**Extracted data:**
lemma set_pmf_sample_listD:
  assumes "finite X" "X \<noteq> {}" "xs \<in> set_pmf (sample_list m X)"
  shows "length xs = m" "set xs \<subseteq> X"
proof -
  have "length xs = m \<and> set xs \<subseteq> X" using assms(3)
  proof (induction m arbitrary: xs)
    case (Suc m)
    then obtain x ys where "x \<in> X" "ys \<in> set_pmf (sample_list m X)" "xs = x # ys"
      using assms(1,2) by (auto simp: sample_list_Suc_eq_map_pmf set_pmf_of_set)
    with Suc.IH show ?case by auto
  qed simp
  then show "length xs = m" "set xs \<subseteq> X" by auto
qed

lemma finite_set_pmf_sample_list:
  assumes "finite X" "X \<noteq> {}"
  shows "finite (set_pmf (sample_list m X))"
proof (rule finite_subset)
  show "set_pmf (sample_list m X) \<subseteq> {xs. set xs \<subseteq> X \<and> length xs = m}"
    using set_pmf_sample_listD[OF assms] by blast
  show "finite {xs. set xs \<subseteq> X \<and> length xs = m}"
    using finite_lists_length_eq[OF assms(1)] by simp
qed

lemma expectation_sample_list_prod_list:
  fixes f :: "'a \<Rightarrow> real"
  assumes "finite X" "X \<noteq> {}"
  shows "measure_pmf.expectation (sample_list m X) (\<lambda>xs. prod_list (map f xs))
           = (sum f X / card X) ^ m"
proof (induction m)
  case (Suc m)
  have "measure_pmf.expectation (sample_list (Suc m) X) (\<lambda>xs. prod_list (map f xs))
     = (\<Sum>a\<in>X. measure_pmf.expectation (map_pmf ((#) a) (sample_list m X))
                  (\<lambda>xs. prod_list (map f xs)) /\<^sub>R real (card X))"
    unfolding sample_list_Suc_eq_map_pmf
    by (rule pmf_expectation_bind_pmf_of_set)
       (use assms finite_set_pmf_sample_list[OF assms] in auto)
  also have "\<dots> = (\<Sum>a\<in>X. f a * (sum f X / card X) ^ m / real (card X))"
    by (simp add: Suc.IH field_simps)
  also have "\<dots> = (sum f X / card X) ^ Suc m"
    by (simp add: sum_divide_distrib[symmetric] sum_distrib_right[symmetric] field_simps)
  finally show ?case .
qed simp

---

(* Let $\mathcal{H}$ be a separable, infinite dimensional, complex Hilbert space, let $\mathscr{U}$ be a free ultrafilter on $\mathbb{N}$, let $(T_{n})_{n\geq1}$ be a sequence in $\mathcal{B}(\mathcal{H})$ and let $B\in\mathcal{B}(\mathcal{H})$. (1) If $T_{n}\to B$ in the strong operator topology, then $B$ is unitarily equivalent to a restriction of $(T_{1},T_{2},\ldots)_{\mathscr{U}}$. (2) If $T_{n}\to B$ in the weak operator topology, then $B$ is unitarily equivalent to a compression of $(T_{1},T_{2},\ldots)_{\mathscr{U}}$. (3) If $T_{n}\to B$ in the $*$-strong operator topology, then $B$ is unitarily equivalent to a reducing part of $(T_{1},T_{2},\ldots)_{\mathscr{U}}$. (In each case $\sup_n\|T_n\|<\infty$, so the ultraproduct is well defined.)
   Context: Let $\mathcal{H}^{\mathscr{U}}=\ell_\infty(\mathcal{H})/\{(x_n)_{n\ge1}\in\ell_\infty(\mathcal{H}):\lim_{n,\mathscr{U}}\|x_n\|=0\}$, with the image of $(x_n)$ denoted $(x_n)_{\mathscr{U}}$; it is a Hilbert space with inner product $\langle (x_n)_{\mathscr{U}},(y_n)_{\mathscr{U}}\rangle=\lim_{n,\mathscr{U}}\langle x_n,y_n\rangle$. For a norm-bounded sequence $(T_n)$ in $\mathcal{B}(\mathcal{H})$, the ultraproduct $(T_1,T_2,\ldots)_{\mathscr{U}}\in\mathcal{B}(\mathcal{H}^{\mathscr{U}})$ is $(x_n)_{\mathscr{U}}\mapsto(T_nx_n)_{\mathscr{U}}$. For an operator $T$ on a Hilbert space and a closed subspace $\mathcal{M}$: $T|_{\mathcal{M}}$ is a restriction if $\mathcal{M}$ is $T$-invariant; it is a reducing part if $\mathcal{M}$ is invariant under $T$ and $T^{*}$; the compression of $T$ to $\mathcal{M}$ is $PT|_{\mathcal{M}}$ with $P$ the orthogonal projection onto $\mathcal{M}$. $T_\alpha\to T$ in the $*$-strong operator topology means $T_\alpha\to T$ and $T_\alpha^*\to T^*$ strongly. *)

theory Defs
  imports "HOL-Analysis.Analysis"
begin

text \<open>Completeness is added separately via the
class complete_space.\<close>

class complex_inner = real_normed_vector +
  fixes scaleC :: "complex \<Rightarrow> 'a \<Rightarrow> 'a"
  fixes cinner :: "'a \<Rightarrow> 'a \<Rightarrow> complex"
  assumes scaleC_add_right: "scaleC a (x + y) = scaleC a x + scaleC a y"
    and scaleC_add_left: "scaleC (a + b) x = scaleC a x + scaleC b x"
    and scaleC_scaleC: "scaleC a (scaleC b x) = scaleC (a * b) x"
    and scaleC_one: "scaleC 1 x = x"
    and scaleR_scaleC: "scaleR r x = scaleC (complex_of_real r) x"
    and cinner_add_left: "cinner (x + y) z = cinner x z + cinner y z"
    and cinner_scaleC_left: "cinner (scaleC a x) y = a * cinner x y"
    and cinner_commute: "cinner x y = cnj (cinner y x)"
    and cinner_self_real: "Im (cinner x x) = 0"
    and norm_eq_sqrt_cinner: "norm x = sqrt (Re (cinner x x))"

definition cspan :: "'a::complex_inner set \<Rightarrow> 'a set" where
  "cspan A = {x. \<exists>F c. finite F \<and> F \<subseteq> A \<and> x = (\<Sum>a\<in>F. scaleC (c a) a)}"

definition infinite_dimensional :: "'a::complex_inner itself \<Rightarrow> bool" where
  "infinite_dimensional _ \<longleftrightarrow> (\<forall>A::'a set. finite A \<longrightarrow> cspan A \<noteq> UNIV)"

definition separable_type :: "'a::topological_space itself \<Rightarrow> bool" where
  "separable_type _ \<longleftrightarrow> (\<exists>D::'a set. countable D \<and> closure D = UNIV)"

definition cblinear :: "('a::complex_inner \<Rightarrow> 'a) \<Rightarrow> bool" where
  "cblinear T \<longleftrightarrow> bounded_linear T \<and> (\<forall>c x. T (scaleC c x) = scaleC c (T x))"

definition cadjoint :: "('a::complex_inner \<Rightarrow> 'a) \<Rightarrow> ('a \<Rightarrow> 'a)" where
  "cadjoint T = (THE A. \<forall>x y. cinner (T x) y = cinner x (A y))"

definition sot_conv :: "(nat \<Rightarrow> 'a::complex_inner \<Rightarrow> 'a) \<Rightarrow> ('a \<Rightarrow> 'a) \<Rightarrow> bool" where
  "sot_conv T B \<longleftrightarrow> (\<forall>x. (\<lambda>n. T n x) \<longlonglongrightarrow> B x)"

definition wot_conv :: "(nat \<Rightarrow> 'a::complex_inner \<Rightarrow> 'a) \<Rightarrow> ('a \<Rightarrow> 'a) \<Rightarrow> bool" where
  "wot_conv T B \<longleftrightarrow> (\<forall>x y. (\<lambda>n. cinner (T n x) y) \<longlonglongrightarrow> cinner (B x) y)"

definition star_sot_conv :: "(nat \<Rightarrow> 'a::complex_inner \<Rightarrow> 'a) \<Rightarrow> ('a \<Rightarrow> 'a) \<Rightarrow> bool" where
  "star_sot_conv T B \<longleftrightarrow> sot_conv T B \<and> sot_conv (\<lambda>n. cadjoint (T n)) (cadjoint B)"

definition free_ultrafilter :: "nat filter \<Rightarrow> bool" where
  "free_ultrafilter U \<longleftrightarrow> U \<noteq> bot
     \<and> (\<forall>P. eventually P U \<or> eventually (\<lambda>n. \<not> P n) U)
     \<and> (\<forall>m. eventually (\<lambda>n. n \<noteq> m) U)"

---

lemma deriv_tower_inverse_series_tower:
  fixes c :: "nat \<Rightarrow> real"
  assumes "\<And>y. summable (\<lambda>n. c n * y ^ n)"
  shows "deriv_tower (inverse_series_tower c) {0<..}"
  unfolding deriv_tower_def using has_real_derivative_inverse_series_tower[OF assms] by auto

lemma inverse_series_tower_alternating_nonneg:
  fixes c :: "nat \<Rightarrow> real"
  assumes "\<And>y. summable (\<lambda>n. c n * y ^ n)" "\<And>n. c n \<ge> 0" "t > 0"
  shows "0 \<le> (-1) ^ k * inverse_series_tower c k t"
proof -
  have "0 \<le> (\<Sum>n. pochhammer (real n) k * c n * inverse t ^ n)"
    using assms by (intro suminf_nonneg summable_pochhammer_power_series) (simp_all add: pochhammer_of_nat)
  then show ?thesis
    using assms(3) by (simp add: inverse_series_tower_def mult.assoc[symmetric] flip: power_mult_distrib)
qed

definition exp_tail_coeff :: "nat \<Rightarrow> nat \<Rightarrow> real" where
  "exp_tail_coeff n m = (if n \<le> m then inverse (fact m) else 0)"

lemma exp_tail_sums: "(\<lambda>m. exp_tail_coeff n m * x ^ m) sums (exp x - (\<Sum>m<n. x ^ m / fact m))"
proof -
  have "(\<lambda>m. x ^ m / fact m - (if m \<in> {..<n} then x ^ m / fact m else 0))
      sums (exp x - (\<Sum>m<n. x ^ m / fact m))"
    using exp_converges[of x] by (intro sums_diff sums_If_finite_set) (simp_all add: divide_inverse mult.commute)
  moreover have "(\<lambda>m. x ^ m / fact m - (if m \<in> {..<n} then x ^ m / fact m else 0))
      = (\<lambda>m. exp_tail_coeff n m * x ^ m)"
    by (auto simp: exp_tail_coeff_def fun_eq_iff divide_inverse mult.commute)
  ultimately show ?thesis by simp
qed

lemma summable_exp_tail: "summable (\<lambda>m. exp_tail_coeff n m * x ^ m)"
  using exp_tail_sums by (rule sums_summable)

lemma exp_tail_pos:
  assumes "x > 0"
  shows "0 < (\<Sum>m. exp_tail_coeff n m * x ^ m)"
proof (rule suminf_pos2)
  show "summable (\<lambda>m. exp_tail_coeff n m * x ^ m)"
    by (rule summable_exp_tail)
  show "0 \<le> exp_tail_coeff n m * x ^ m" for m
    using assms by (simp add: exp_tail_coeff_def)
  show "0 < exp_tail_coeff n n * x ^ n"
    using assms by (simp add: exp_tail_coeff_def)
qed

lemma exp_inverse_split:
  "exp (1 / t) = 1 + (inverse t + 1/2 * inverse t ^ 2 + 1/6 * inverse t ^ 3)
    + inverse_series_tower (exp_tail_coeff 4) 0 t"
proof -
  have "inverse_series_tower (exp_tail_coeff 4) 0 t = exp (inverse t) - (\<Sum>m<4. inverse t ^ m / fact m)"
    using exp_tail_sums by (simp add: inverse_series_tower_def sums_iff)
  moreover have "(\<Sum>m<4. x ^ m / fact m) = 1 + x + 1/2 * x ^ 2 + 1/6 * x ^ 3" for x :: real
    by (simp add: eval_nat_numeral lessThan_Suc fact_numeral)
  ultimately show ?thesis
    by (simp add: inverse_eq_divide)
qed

**Work to be completed:**
Tell how many lines of the listing include the word "also", replying with nothing but the number.

**Result:**
2